This notebook is a first step to exploring whether it's possible to predict horses races more accurately than the betting markets. It includes feature exploration, feature engineering, a basic XGBoost model, a betting strategy and calculates my profit or loss. 

This notebook doesn't rigorously test whether the strategy systematically makes money, but my sense is that it probably doesn't. The results change pretty dramatically when I change the test-train split. This could be because of a bug, or could be because the model is ~random because I have very few features (and I'm not using the most interesting features. 

Hopefully somebody can use this starting point and extend it. I'm happy to answer any questions if you don't understand anything I've done.

Ideas for improvements (ordered by priority):

 - Include additional features: most importantly form.
 - Create a betting strategy where you don't bet on every race but only those where there's a big discrepancy between your predictions and the odds 
 - Setup a cross validation framework. 
 - Look at feature importance and partial plots to make sure the model is behaving properly.
 - I'm treating this as a binary prediction problem (predicting the probability that each horse will win). This throws away information. There are probably better ways to setup the problem. 
 - Possibly include a model that also predicts place.


In [7]:
import pandas as pd
import xgboost as xgb
import numpy as np
%load_ext autoreload
%autoreload 2
#useful for displaying wide data frames
pd.set_option('display.max_columns', 50)

The autoreload extension is already loaded. To reload it, use:
  %reload_ext autoreload


In [9]:
#load the data into Pandas dataframes
df_market = pd.read_csv("input/markets.csv")
df_runners = pd.read_csv("input/runners.csv",dtype={'barrier': np.int16,'handicap_weight': np.float16})

#for my simple model, I'm ignoring other columns. I recommend starting with form if you're looking to add features
#df_odds = pd.read_csv("../input/odds.csv")
#df_form = pd.read_csv("../input/forms.csv")
#df_condition = pd.read_csv("../input/conditions.csv")
#df_weather = ("../input/weather.csv")
#df_rider = ("../input/riders.csv")
#df_horse = ("../input/horses.csv")
#df_horse_sex = ("../input/horse_sexes.csv")

In [10]:
##merge the runners and markets data frames
df_runners_and_market = pd.merge(df_runners,df_market,left_on='market_id',right_on='id',how='outer')
df_runners_and_market.index = df_runners_and_market['id_x'] 


In [11]:
numeric_features = ['position','market_id','barrier','handicap_weight']
categorical_features = ['rider_id']

#convert to factors
for feature in categorical_features:
    df_runners_and_market[feature] = df_runners_and_market[feature].astype(str)
    df_runners_and_market[feature] = df_runners_and_market[feature].replace('nan','0') #have to do this because of a weird random forest bug

    df_features = df_runners_and_market[numeric_features]

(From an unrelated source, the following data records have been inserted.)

lemma agree_below_power: "agree_below N f f' \<Longrightarrow> agree_below N (f ^ i) (f' ^ i)"
  by (induction i) (auto intro: agree_below_mult)

lemma agree_below_sum:
  "(\<And>i. i \<in> A \<Longrightarrow> agree_below N (f i) (g i)) \<Longrightarrow> agree_below N (sum f A) (sum g A)"
  by (induction A rule: infinite_finite_induct) (auto intro: agree_below_add)

lemma agree_below_compose:
  assumes "agree_below N g g'"
  shows "agree_below N (f oo g) (f oo g')"
proof -
  have "agree_below N (g ^ i) (g' ^ i)" for i using assms by (rule agree_below_power)
  then show ?thesis by (auto simp: agree_below_def fps_compose_nth intro!: sum.cong)
qed

lemma agree_below_inv_sqrt:
  assumes "agree_below N F F'" "0 < N"
  shows "agree_below N (fps_inv_sqrt F) (fps_inv_sqrt F')"
proof -
  have F0: "F' $$ 0 = F $$ 0" using assms by (simp add: agree_below_def)
  show ?thesis unfolding fps_inv_sqrt_def F0
    by (intro agree_below_mult agree_below_compose agree_below_diff assms(1) agree_below_refl)
qed

lemma agree_below_cutoff: "agree_below N (fps_cutoff N F) F"
  by (simp add: agree_below_def)

definition jacobi_fps :: "(nat \<Rightarrow> real) \<Rightarrow> (nat \<Rightarrow> real) \<Rightarrow> (nat \<Rightarrow> real) \<Rightarrow> real \<Rightarrow> real \<Rightarrow>
    real fps \<Rightarrow> real fps \<Rightarrow> real fps \<Rightarrow> real fps \<Rightarrow> real fps" where
  "jacobi_fps m px py x0 y0 p1 p2 p3 p4 =
     - (p2^2 + p4^2) + 2 * (fps_const (1/2) * ((fps_const x0 + p1)^2 + (fps_const y0 + p3)^2)
     + (\<Sum>j\<in>{1,2,3}. fps_const (m j) *
         fps_inv_sqrt ((fps_const x0 + p1 - fps_const (px j))^2
             + (fps_const y0 + p3 - fps_const (py j))^2)))"

lemma agree_below_jacobi_fps:
  assumes "agree_below (Suc n) p1 q1" "agree_below (Suc n) p2 q2" "agree_below (Suc n) p3 q3"
    "agree_below (Suc n) p4 q4"
  shows "agree_below (Suc n) (jacobi_fps m px py x0 y0 p1 p2 p3 p4) (jacobi_fps m px py x0 y0 q1 q2 q3 q4)"
  unfolding jacobi_fps_def
  by (intro agree_below_add agree_below_uminus agree_below_mult agree_below_power agree_below_refl
      agree_below_sum agree_below_inv_sqrt agree_below_diff assms) simp

lemma has_real_fps_expansion_jacobi_fps:
  assumes "has_real_fps_expansion f1 p1" "has_real_fps_expansion f2 p2"
    "has_real_fps_expansion f3 p3" "has_real_fps_expansion f4 p4" "p1 $$ 0 = 0" "p3 $$ 0 = 0"
    "\<And>j. j \<in> {1,2,3} \<Longrightarrow> (x0 - px j)^2 + (y0 - py j)^2 > 0"
  shows "has_real_fps_expansion
    (\<lambda>t. - (f2 t^2 + f4 t^2) + 2 * (1/2 * ((x0 + f1 t)^2 + (y0 + f3 t)^2)
       + (\<Sum>j\<in>{1,2,3}. m j * (1 / sqrt ((x0 + f1 t - px j)^2 + (y0 + f3 t - py j)^2)))))
    (jacobi_fps m px py x0 y0 p1 p2 p3 p4)"
  unfolding jacobi_fps_def
proof (intro has_real_fps_expansion_add has_real_fps_expansion_uminus has_real_fps_expansion_mult
    has_real_fps_expansion_power has_real_fps_expansion_numeral has_real_fps_expansion_const
    has_real_fps_expansion_sum has_real_fps_expansion_inv_sqrt has_real_fps_expansion_diff assms(1-4))
  fix j :: nat assume "j \<in> {1,2,3}"
  then show "0 < ((fps_const x0 + p1 - fps_const (px j))\<^sup>2 + (fps_const y0 + p3 - fps_const (py j))\<^sup>2) $$ 0"
    using assms(5-7) by (simp add: fps_nth_power_0)
qed simp

definition fps_mat_vec :: "real^'n^'m \<Rightarrow> real fps^'n \<Rightarrow> 'm \<Rightarrow> real fps" where
  "fps_mat_vec C Z i = (\<Sum>k\<in>UNIV. fps_const (C $ i $ k) * Z $ k)"

lemma fps_mat_vec_nth: "fps_mat_vec C Z i $$ n = (\<Sum>k\<in>UNIV. C $ i $ k * Z $ k $$ n)"
  by (simp add: fps_mat_vec_def fps_sum_nth)

lemma matrix_vector_mult_polynomial:
  "(C *v (\<chi> k. \<Sum>m\<le>n. Z $ k $$ m * t ^ m)) $ i = (\<Sum>m\<le>n. fps_mat_vec C Z i $$ m * t ^ m)"
  by (simp add: matrix_vector_mult_def fps_mat_vec_nth sum_distrib_left sum_distrib_right
      mult.assoc sum.swap[where B = "{..n}"])

lemma has_real_fps_expansion_polynomial:
  "has_real_fps_expansion (\<lambda>t. \<Sum>m\<le>n. F $$ m * t ^ m) (fps_cutoff (Suc n) F)"
proof -
  have "fps_cutoff (Suc n) F = (\<Sum>m\<le>n. fps_const (F $$ m) * fps_X ^ m)"
    by (rule fps_ext) (simp add: fps_sum_nth if_distrib[of "(*) _"] cong: if_cong)
  then show ?thesis
    by (simp only:) (intro has_real_fps_expansion_sum has_real_fps_expansion_mult
        has_real_fps_expansion_const has_real_fps_expansion_power has_real_fps_expansion_X finite_atMost)
qed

for feature in categorical_features:
    encoded_features = pd.get_dummies(df_runners_and_market[feature])
    encoded_features.columns = feature + encoded_features.columns
    df_features = pd.merge(df_features,encoded_features,left_index=True,right_index=True,how='inner') 

#turn the target variable into a binary feature: did or did not win
df_features['win'] = False
df_features.loc[df_features['position'] == 1,'win'] = True

#del df_runners_and_market, encoded_features, df_features['position']

#Split between training and test
Doing a random split

gbm = xgb.XGBClassifier(objective='binary:logistic').fit(df_train.drop(df_train[['win','position','market_id']],axis=1)
, df_train['win'])
predictions = gbm.predict_proba(df_test.drop(df_test[['win','position','market_id']],axis=1))[:,0]
df_test['predictions'] = predictions
df_test = df_test[['predictions','win','market_id']]
#del df_train

#Compare with betting markets

In [77]:
all_odds = pd.read_csv("input/odds.csv")


def getOdds(df):
    df_odds = all_odds[all_odds['runner_id'].isin(df_test.index)]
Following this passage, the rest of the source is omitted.